Task requirements: Start at the line in the entries below that contains "(* Suppose the", stop at the line that contains "x = (\<Sum>\<^sub>\<infinity>", and output exactly the lines in that span, both ends included.

Saved entries:
*** Begin section ***

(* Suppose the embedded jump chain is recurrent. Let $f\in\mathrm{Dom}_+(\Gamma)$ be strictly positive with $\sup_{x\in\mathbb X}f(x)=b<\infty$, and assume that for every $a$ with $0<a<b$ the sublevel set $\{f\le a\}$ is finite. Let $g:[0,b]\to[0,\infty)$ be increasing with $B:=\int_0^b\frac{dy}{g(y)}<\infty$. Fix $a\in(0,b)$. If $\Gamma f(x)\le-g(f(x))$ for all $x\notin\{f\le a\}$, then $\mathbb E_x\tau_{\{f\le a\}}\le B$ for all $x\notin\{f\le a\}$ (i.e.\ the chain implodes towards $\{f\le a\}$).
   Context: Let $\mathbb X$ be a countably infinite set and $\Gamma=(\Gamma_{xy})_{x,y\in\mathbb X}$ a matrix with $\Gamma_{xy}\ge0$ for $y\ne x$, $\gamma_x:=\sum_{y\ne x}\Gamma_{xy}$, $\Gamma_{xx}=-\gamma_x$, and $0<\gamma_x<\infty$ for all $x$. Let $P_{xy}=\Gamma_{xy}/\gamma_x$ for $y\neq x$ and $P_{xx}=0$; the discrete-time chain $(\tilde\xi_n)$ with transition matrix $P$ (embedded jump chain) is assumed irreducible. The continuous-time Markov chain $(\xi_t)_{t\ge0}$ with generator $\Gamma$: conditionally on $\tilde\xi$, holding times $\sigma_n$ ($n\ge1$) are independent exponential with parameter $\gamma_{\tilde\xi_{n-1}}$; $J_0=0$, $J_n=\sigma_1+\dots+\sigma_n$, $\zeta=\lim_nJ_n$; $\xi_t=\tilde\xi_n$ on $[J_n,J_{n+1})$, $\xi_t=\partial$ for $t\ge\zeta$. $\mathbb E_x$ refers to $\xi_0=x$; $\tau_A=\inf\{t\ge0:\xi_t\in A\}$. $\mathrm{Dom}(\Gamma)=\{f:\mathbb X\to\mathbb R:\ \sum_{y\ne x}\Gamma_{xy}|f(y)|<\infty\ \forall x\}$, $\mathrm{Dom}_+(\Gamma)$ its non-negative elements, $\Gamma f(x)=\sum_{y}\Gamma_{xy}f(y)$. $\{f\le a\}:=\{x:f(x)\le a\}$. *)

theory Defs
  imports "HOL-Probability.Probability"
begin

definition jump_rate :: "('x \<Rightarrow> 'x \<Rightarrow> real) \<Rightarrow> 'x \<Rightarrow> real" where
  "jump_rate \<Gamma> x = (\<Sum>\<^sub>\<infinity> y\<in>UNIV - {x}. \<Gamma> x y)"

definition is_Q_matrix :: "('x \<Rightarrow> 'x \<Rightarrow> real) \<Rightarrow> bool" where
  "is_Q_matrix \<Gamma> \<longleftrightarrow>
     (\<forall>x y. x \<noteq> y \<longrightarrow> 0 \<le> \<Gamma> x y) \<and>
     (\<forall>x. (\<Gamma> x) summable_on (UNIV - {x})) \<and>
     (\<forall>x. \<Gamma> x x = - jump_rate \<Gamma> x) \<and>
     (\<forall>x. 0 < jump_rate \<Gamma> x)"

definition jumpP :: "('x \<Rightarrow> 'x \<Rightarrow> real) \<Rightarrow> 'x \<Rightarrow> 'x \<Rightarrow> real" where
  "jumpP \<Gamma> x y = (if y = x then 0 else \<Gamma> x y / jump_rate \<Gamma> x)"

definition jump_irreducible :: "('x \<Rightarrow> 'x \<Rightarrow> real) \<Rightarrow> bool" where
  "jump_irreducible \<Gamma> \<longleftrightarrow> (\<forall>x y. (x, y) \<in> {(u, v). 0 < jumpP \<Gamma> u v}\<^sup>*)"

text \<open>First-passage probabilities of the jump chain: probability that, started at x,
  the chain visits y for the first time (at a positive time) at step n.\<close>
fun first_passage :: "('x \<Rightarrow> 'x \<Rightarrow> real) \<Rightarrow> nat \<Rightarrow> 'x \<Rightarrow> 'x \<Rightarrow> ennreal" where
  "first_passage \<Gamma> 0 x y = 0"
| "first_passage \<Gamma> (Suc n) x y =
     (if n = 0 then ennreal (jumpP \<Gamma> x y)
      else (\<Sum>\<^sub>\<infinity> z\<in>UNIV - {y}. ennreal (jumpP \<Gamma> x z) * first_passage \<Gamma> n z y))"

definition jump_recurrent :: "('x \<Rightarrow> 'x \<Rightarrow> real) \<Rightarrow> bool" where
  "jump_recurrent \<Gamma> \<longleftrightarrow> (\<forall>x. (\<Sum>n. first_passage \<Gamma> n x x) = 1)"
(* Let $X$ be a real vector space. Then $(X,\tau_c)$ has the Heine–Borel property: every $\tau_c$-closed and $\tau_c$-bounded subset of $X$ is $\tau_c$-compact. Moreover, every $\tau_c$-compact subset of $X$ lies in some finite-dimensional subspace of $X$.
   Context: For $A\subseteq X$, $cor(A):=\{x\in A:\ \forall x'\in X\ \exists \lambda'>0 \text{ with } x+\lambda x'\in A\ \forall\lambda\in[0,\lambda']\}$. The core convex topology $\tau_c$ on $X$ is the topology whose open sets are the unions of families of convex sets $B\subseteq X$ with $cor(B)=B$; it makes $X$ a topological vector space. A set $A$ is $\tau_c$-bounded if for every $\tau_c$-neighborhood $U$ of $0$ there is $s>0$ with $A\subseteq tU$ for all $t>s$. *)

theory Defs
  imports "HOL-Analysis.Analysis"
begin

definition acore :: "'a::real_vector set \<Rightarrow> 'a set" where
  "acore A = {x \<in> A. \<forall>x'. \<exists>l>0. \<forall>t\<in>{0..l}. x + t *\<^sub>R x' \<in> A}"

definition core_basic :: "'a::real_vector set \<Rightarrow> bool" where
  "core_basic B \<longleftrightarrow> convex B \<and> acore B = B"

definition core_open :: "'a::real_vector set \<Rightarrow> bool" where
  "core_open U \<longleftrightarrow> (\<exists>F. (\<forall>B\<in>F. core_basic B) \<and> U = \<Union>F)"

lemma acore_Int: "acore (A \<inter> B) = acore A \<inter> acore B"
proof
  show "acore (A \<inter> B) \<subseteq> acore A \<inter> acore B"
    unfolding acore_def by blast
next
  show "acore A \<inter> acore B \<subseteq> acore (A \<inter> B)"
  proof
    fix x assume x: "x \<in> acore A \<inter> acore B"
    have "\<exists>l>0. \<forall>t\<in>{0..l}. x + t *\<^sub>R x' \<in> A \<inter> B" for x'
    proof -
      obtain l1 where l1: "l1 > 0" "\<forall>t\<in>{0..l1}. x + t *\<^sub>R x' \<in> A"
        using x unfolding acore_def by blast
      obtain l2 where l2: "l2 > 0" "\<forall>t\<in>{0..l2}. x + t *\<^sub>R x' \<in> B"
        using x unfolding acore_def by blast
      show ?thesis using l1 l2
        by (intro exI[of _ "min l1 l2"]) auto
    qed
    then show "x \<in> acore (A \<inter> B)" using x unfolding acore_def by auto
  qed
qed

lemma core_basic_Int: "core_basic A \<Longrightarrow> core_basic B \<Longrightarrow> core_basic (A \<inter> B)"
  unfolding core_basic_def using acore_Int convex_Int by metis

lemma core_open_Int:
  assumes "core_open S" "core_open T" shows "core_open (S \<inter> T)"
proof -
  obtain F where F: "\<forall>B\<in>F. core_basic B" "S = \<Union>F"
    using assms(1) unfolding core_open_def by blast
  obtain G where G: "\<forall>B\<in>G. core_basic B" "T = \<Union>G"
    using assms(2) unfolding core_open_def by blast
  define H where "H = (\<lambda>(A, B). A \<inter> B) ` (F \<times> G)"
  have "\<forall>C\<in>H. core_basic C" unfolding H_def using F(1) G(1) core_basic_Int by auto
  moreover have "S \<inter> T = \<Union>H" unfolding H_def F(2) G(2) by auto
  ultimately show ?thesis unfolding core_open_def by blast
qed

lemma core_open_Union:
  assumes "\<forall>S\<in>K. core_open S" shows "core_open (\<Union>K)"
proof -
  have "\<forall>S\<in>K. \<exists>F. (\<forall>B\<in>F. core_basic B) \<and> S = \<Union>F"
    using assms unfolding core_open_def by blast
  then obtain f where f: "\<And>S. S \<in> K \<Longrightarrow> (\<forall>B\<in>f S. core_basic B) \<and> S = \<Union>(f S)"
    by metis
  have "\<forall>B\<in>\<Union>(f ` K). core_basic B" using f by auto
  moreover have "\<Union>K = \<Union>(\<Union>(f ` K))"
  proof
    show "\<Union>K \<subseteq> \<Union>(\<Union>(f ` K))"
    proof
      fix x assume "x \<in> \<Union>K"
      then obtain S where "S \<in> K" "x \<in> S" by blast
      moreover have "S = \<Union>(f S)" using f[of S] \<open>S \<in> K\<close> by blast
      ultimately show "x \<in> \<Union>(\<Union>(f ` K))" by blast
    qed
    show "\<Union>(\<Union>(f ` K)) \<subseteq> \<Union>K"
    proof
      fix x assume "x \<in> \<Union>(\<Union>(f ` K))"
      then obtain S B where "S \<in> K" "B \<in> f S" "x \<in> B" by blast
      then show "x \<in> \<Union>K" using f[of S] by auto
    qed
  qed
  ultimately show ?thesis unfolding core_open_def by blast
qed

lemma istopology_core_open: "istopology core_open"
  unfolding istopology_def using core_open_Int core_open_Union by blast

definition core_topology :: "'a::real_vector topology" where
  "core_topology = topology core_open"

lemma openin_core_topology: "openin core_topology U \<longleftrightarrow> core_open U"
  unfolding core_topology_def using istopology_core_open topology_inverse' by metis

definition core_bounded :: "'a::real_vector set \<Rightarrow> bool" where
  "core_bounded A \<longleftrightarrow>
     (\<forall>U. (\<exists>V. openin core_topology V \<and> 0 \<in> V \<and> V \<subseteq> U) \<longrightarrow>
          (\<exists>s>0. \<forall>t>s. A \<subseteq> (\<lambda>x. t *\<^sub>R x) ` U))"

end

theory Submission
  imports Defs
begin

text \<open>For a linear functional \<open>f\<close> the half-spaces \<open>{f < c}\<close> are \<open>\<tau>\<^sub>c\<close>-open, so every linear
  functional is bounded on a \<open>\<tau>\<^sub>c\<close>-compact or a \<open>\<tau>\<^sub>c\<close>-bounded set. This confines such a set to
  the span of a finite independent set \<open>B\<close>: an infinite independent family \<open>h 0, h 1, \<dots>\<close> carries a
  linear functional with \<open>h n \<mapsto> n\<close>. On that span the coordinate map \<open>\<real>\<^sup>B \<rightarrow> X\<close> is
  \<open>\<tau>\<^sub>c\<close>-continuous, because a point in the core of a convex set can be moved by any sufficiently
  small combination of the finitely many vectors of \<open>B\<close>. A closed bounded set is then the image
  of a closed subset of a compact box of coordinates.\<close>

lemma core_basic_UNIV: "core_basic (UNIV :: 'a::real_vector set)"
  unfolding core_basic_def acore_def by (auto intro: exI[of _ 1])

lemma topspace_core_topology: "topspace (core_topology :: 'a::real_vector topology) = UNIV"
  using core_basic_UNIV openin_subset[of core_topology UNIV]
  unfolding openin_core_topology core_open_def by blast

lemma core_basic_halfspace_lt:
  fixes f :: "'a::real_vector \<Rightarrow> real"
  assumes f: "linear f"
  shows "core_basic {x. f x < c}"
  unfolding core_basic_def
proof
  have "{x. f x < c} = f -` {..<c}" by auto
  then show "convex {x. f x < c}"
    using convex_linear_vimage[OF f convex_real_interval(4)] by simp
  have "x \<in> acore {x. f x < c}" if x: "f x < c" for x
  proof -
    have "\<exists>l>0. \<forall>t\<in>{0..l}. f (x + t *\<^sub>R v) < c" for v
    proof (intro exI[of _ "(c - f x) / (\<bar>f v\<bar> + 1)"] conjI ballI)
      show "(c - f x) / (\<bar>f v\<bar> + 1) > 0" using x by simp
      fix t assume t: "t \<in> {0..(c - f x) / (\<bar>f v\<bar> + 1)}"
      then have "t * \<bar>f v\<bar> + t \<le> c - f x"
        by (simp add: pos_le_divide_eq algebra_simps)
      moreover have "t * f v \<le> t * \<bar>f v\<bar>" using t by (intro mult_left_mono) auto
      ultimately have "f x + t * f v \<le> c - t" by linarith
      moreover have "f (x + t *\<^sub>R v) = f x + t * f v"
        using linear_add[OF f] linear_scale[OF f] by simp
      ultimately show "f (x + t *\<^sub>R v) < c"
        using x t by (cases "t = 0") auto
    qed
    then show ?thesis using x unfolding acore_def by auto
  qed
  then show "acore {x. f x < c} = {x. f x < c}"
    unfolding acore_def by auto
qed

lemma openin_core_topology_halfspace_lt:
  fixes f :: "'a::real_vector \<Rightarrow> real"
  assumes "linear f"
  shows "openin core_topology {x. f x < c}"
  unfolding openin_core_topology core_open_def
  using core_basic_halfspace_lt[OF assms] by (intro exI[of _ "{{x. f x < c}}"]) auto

*** End section ***
*** Begin section ***

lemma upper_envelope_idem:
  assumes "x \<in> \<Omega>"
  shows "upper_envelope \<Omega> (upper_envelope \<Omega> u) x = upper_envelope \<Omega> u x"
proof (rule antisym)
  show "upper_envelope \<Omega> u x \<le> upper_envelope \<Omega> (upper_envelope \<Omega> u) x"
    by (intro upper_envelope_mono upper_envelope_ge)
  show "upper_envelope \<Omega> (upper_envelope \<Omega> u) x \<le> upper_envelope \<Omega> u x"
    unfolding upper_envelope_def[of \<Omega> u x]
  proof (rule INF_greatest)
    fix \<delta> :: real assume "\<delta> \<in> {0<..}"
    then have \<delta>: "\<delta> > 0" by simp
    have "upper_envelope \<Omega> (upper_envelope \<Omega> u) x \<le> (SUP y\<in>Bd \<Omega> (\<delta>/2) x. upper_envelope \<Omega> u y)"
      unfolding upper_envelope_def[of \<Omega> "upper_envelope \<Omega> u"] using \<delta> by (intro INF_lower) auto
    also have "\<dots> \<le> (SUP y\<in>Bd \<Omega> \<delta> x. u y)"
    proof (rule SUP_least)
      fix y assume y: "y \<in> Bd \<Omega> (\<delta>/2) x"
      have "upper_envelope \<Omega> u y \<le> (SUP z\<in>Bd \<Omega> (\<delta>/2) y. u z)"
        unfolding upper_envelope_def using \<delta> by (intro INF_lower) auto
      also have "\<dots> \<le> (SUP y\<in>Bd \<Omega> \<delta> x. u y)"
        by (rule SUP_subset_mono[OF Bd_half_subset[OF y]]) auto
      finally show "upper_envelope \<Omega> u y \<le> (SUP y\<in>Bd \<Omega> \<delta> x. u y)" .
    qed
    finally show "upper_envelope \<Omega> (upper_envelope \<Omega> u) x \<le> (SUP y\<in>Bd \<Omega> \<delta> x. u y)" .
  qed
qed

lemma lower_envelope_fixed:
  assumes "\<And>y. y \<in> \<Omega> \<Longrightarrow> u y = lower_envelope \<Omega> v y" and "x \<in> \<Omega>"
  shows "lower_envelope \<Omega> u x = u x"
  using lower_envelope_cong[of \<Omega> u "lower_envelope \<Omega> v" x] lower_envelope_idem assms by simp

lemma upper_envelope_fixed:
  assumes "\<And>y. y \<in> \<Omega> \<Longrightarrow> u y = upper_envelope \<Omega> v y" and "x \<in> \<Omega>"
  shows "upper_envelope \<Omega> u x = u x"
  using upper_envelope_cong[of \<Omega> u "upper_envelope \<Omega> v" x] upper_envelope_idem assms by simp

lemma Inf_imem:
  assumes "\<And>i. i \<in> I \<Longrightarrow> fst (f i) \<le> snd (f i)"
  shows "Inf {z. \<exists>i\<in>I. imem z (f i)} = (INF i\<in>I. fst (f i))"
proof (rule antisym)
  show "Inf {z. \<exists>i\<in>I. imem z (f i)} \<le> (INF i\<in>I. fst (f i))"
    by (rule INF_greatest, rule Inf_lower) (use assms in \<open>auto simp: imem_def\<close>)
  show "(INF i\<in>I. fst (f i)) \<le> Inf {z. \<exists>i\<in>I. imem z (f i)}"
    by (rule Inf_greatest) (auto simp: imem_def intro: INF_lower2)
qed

*** End section ***

Response to this task:
(* Suppose the embedded jump chain is recurrent. Let $f\in\mathrm{Dom}_+(\Gamma)$ be strictly positive with $\sup_{x\in\mathbb X}f(x)=b<\infty$, and assume that for every $a$ with $0<a<b$ the sublevel set $\{f\le a\}$ is finite. Let $g:[0,b]\to[0,\infty)$ be increasing with $B:=\int_0^b\frac{dy}{g(y)}<\infty$. Fix $a\in(0,b)$. If $\Gamma f(x)\le-g(f(x))$ for all $x\notin\{f\le a\}$, then $\mathbb E_x\tau_{\{f\le a\}}\le B$ for all $x\notin\{f\le a\}$ (i.e.\ the chain implodes towards $\{f\le a\}$).
   Context: Let $\mathbb X$ be a countably infinite set and $\Gamma=(\Gamma_{xy})_{x,y\in\mathbb X}$ a matrix with $\Gamma_{xy}\ge0$ for $y\ne x$, $\gamma_x:=\sum_{y\ne x}\Gamma_{xy}$, $\Gamma_{xx}=-\gamma_x$, and $0<\gamma_x<\infty$ for all $x$. Let $P_{xy}=\Gamma_{xy}/\gamma_x$ for $y\neq x$ and $P_{xx}=0$; the discrete-time chain $(\tilde\xi_n)$ with transition matrix $P$ (embedded jump chain) is assumed irreducible. The continuous-time Markov chain $(\xi_t)_{t\ge0}$ with generator $\Gamma$: conditionally on $\tilde\xi$, holding times $\sigma_n$ ($n\ge1$) are independent exponential with parameter $\gamma_{\tilde\xi_{n-1}}$; $J_0=0$, $J_n=\sigma_1+\dots+\sigma_n$, $\zeta=\lim_nJ_n$; $\xi_t=\tilde\xi_n$ on $[J_n,J_{n+1})$, $\xi_t=\partial$ for $t\ge\zeta$. $\mathbb E_x$ refers to $\xi_0=x$; $\tau_A=\inf\{t\ge0:\xi_t\in A\}$. $\mathrm{Dom}(\Gamma)=\{f:\mathbb X\to\mathbb R:\ \sum_{y\ne x}\Gamma_{xy}|f(y)|<\infty\ \forall x\}$, $\mathrm{Dom}_+(\Gamma)$ its non-negative elements, $\Gamma f(x)=\sum_{y}\Gamma_{xy}f(y)$. $\{f\le a\}:=\{x:f(x)\le a\}$. *)

theory Defs
  imports "HOL-Probability.Probability"
begin

definition jump_rate :: "('x \<Rightarrow> 'x \<Rightarrow> real) \<Rightarrow> 'x \<Rightarrow> real" where
  "jump_rate \<Gamma> x = (\<Sum>\<^sub>\<infinity> y\<in>UNIV - {x}. \<Gamma> x y)"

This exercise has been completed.